== Supplied data ==

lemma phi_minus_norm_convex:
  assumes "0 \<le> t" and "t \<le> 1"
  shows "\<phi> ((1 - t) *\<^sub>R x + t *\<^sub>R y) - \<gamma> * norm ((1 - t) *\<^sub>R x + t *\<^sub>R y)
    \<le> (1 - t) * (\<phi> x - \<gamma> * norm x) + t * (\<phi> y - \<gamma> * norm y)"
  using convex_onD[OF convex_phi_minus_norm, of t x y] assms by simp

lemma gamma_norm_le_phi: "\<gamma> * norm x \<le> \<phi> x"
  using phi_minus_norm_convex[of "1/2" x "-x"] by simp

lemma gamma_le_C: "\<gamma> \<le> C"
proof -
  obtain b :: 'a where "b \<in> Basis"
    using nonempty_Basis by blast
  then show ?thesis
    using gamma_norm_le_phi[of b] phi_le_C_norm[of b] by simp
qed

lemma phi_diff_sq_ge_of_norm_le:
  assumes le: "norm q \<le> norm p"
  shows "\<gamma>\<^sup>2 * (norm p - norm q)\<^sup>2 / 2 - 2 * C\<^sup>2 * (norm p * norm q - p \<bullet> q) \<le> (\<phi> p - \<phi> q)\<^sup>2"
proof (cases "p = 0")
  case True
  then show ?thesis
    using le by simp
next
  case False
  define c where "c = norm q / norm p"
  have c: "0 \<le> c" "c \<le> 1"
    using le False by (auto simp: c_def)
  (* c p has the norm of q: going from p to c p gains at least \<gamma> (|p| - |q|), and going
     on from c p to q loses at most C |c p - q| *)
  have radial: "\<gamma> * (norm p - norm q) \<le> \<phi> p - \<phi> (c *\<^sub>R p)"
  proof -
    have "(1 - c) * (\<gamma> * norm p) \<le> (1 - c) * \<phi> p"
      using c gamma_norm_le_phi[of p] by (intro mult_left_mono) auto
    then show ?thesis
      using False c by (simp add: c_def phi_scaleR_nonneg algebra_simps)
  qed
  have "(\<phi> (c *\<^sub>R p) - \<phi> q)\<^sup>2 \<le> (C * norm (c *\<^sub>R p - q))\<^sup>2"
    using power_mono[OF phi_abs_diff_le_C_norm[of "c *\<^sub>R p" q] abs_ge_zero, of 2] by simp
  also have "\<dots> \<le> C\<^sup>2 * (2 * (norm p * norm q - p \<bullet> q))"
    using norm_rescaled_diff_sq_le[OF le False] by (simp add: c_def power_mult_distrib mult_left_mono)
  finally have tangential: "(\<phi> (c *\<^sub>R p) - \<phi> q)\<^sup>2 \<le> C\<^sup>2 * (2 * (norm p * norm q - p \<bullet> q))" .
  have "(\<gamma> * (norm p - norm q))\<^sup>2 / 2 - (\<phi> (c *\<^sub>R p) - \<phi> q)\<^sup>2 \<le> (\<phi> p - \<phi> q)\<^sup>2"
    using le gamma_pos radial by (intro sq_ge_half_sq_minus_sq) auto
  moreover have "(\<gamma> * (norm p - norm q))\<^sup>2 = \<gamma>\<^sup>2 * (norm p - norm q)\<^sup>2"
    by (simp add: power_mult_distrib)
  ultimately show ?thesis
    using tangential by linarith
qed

===

## Activity
Give back the lines above exactly, from the one with "norm q))\<^sup>2 /" through the last line.

## Answer section
  have "(\<gamma> * (norm p - norm q))\<^sup>2 / 2 - (\<phi> (c *\<^sub>R p) - \<phi> q)\<^sup>2 \<le> (\<phi> p - \<phi> q)\<^sup>2"
    using le gamma_pos radial by (intro sq_ge_half_sq_minus_sq) auto
  moreover have "(\<gamma> * (norm p - norm q))\<^sup>2 = \<gamma>\<^sup>2 * (norm p - norm q)\<^sup>2"
    by (simp add: power_mult_distrib)
  ultimately show ?thesis
    using tangential by linarith
qed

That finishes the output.